theorem mainTheorem2:
  fixes f :: "'s::finite \<Rightarrow> 'a::finite \<Rightarrow> 's"
    and Term :: "'s set" and H :: nat
    and r :: "'s \<Rightarrow> 'a \<Rightarrow> real" and beta :: real
    and mu nuS :: "'s \<Rightarrow> real"
    and piref nuA piplus :: "'s \<Rightarrow> 'a \<Rightarrow> real"
  assumes hterm: "terminates_within f Term H"
    and rew: "\<forall>s a. f s a \<notin> Term \<longrightarrow> r s a = 0"
    and hbeta: "beta > 0"
    and mu: "is_dist mu"
    and piref: "is_policy piref" "\<forall>s a. piref s a > 0"
    and nuS: "is_dist nuS" "\<forall>s. nuS s > 0"
    and nuA: "is_policy nuA" "\<forall>s a. nuA s a > 0"
    and piplus: "is_policy piplus" "\<forall>s a. piplus s a > 0"
    and piplus_min: "\<forall>pol. is_policy pol \<and> (\<forall>s a. pol s a > 0) \<longrightarrow>
           loss f Term H r beta piref nuS nuA piplus \<le> loss f Term H r beta piref nuS nuA pol"
  shows "\<exists>lam :: 's \<Rightarrow> ('a \<Rightarrow> real) \<Rightarrow> real.
           (\<forall>s p. 0 \<le> lam s p) \<and>
           (let D = Vreg_mu f Term H r beta piref piplus mu - Vreg_mu f Term H r beta piref piref mu;
                E = visit_exp f Term H piplus mu (\<lambda>s. lam s (nuA s))
            in D \<ge> E \<and> E \<ge> 0 \<and>
               ((D = E \<and> E = 0) \<longleftrightarrow>
                (\<forall>pol. is_policy pol \<longrightarrow>
                   Vreg_mu f Term H r beta piref pol mu \<le> Vreg_mu f Term H r beta piref piref mu)))"
proof -
  interpret kl_regularized_mdp f Term H r beta piref
    using hterm hbeta piref by unfold_locales auto
  define lam :: "'s \<Rightarrow> ('a \<Rightarrow> real) \<Rightarrow> real" where "lam s p = max 0 (gain piplus s)" for s p
  have gain_nonneg: "\<And>s. s \<notin> Term \<Longrightarrow> 0 \<le> gain piplus s"
    and gain_zero: "\<And>s a. s \<notin> Term \<Longrightarrow> gain piplus s = 0 \<Longrightarrow> A s a = 0"
    using gain_of_loss_minimizer[OF piplus nuS(2) nuA(2) _ piplus_min] by blast+
  have lam_nonneg: "\<forall>s p. 0 \<le> lam s p"
    by (simp add: lam_def)
  have D: "Vreg_mu f Term H r beta piref piplus mu - Vreg_mu f Term H r beta piref piref mu
      = visit_exp f Term H piplus mu (gain piplus)"
    by (rule Vreg_mu_diff[OF piplus(1)])
  have E: "visit_exp f Term H piplus mu (\<lambda>s. lam s (nuA s))
      = visit_exp f Term H piplus mu (gain piplus)"
    unfolding lam_def by (rule visit_exp_cong) (simp add: gain_nonneg)
  have "0 \<le> visit_exp f Term H piplus mu (gain piplus)"
    using gain_nonneg piplus(2) by (intro visit_exp_nonneg[OF mu]) (auto simp: less_imp_le)
  then show ?thesis
    unfolding Let_def D
    using lam_nonneg piref_optimal_iff_visit_gain_zero[OF piplus gain_nonneg gain_zero mu]
    by (intro exI[of _ lam] conjI) (simp_all only: E order_refl simp_thms)
qed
◇ ◇ ◇ ◇ ◇ ◇ ◇
WORK ORDER: Please filter the data down to the lines containing the word "auto".

RESPONSE TO THIS TASK:
    using hterm hbeta piref by unfold_locales auto
    using gain_nonneg piplus(2) by (intro visit_exp_nonneg[OF mu]) (auto simp: less_imp_le)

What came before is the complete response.